Montag, 9. Februar 2015

London calling

Wie im letzten Post schon erwähnt, war ich von Montag bis Samstag zu Besuch bei meiner lieben Freundin Alex, die an der Uni in Guildford studiert. Nur mit Handgepäck ist ein Flug von Edinburgh nach London ein absolutes Zuckerschlecken und spottbillig. Ich kam schon am Vormittag am Flughafen London Gatwick an, wo Alex mich abholte und wir zusammen im Zug nach Guildford gefahren sind.

Guildford ist schon die zweite Stadt in Großbritannien, die ich besucht habe, in der es sowohl eine Burgruine als auch eine Kathedrale gibt. Verrückt! Aber dazu später mehr.

Nachdem wir am ersten Tag hauptsächlich gequatscht haben und einkaufen waren, ging es am Dienstag mit dem Zug nach London.

Wer bisher hinterm Mond gewohnt hat, hat vielleicht noch nicht mitbekommen, wie sehr ich diese Stadt liebe. Alle anderen haben es wahrscheinlich schon satt, ständig davon zu hören. Da ich schon zweimal vorher für einige Tage in London war, haben wir die größten Attraktionen ausgelassen und uns direkt auf den Weg zu unserem eigentlichen Ziel gemacht: Dem Museum of London.

Und hier der Grund dafür:
Als eingefleischter Sherlock-Fan konnte ich mir diese Ausstellung natürlich nicht entgehen lassen und da sie nur noch bis zum 12. April 2015 geöffnet hat, ist sie verantwortlich dafür, dass ich diese Reise schon im Februar unternommen habe, statt bis zum Frühsommer zu warten. Gelohnt hat es sich auf jeden Fall.

Zu sehen gab es unter anderem Arthur Conan Doyles Notizbücher mit den allerersten Sätzen zu Sherlock Holmes und diverse Memorabilia aus zahlreichen Verfilmungen der Geschichten.

Alex und ich und "Der Mann, der niemals lebte und niemals sterben wird"

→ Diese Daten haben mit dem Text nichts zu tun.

section \<open>Galerkin projections of a negative definite matrix\<close>

text \<open>Every eigenvalue of the Galerkin matrix (V^T V)^-1 V^T A V with injective V
  is negative when A is negative definite: it is a Rayleigh quotient of A.  At an IRKA
  fixed point this forces all shifts to be positive.\<close>

lemma galerkin_eigenvalue_negative:
  fixes A :: "real^'n^'n" and V :: "real^'r^'n"
  assumes negdef: "\<forall>x. x \<noteq> 0 \<longrightarrow> x \<bullet> (A *v x) < 0"
    and V_inj: "\<And>c. V *v c = 0 \<Longrightarrow> c = 0"
    and eig: "is_eigenvalue (matrix_inv (transpose V ** V) ** (transpose V ** A ** V)) \<mu>"
  shows "\<mu> < 0"
proof -
  define G where "G = transpose V ** V"
  define W where "W = transpose V ** A ** V"
  have G_quad: "x \<bullet> (G *v x) = (V *v x) \<bullet> (V *v x)" for x
    unfolding G_def by (simp add: matrix_vector_mul_assoc[symmetric] dot_lmul_matrix inner_commute[of x])
  have W_quad: "x \<bullet> (W *v x) = (V *v x) \<bullet> (A *v (V *v x))" for x
    unfolding W_def by (simp add: matrix_vector_mul_assoc[symmetric] dot_lmul_matrix
        inner_commute[of x] inner_commute[of _ "V *v x"])
  have G_inj: "G *v x = 0 \<Longrightarrow> x = 0" for x
    using G_quad V_inj by (metis inner_eq_zero_iff inner_zero_right)
  obtain v where v0: "v \<noteq> 0" and ev: "(matrix_inv G ** W) *v v = \<mu> *\<^sub>R v"
    using eig unfolding is_eigenvalue_def G_def W_def by auto
  have "W *v v = G *v (matrix_inv G *v (W *v v))"
    using matrix_inv_right[OF G_inj] by simp
  also have "\<dots> = \<mu> *\<^sub>R (G *v v)"
    using ev by (simp add: matrix_vector_mul_assoc[symmetric] matrix_vector_mult_scaleR)
  finally have "v \<bullet> (W *v v) = \<mu> * (v \<bullet> (G *v v))" by simp
  moreover have "V *v v \<noteq> 0" using V_inj v0 by blast
  then have "v \<bullet> (W *v v) < 0" and "0 < v \<bullet> (G *v v)"
    using W_quad G_quad negdef by simp_all
  ultimately show ?thesis by (simp add: mult_less_0_iff)
qed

Diese wunderschönen Schreibmaschinen waren Teil der Ausstellung

Die ersten Zeilen, die Sir Arthur Conan Doyle zu Holmes schrieb

Auf dem Weg zum Museum entdeckten wir unter anderem diese hübsche Anlage
Was mich besonders gefreut hat war übrigens, dass wir auf dem Weg zum Museum direkt am Barbican Theatre vorbeigekommn sind, in dem ich schon am 29. August sein werde, weil ich Karten für 'Hamlet' habe. So konnte ich immerhin schon ein wenig die Umgebung auskundschaften.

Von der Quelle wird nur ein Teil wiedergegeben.